Por ahi te sirve tambien el:

emerge -e paquete

hacer un emerge -e @ world en definitiva lo que hace es hacer un emerge -e de todos los paquetes que instalaste,

la lista de paquetes la tenes en /var/lib/portage/world

----------

## pcmaster

Yo actualizo xon

# emerge -DuvaN world

----------

## cameta

Muchas veces te puedes encontrar con problemas al hacer esto, como paquetes que no se compilan.

emerge --resume --skipfirst

Te permite seguir compilando evitando el paquete problemático.

----------

## esteban_conde

emerge --sync && emerge -uDN @world

Si emerge sin sincronizar antes los más fácil es que no tengas los ebuild necesarios, de todas maneras cada vez que actualices a no ser que lo hagas casi a diário vas a tener que cambiar alguna USE o resolver alguna dependencia circular, esto es Gentoo a más alto el obstáculo más conocimiento adquirido.

----------

## expobi

¿Se puede saber que te impulsa a querer 'recompilar'  el sistema entero?

Eso se me antoja una barbaridad por el tiempo y los recursos empleados para ello.

A no ser que algo te este dando problemas y pienses que tiene que ver con que las compilaciones estén corruptas,

   no suele ser el caso y lo más probable es que el disco o la memoria sean los culpables.

Otra cosa sería que quisieras actualizar todos los paquetes a su última versión.
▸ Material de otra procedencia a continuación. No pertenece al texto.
lemma sets_NM: "sets (N \<Otimes>\<^sub>M M) = sets (borel :: ('a \<times> 'a) measure)"
  using sets_pair_measure_cong[OF sets_N sets_M] borel_prod by metis

lemma kernel_measurable [measurable]: "(\<lambda>z. K (fst z) (snd z)) \<in> borel_measurable (N \<Otimes>\<^sub>M M)"
  using kernel_loc_square_integrable by (simp add: loc_square_integrable_def)

lemma compact_in_sets_NM: "compact S \<Longrightarrow> S \<in> sets (N \<Otimes>\<^sub>M M)"
  unfolding sets_NM by (rule borel_compact)

lemma emeasure_NM_compact_finite:
  assumes "compact S"
  shows "emeasure (N \<Otimes>\<^sub>M M) S < \<infinity>"
proof -
  have "compact (fst ` S)" "compact (snd ` S)"
    using compact_continuous_image[OF continuous_on_fst[OF continuous_on_id] assms]
      compact_continuous_image[OF continuous_on_snd[OF continuous_on_id] assms]
    by (simp_all add: image_def)
  moreover have "S \<subseteq> fst ` S \<times> snd ` S"
    by force
  ultimately have "emeasure (N \<Otimes>\<^sub>M M) S \<le> emeasure N (fst ` S) * emeasure M (snd ` S)"
    using emeasure_mono[of S "fst ` S \<times> snd ` S" "N \<Otimes>\<^sub>M M"]
    by (simp add: M.emeasure_pair_measure_Times sets_M sets_N borel_compact compact_in_sets_NM compact_Times)
  also have "\<dots> < \<infinity>"
    using radon_measure_compact_finite[OF radon_M] radon_measure_compact_finite[OF radon_N]
      \<open>compact (fst ` S)\<close> \<open>compact (snd ` S)\<close>
    by (simp add: ennreal_mult_less_top)
  finally show ?thesis .
qed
Sí ese fuera el caso:

 #emerge --sync

 #emerge -av --update --deep --with-bdeps=y --newuse @world 

 #emerge -av --depclean 

 #revdep-rebuild

Dependiendo del equipo y de la frecuencia de actualizaciones (que ahora es muy alta) yo ejecutaría estos comandos

   con una frecuencia de menos de un mes; cada semana sería lo ideal.

----------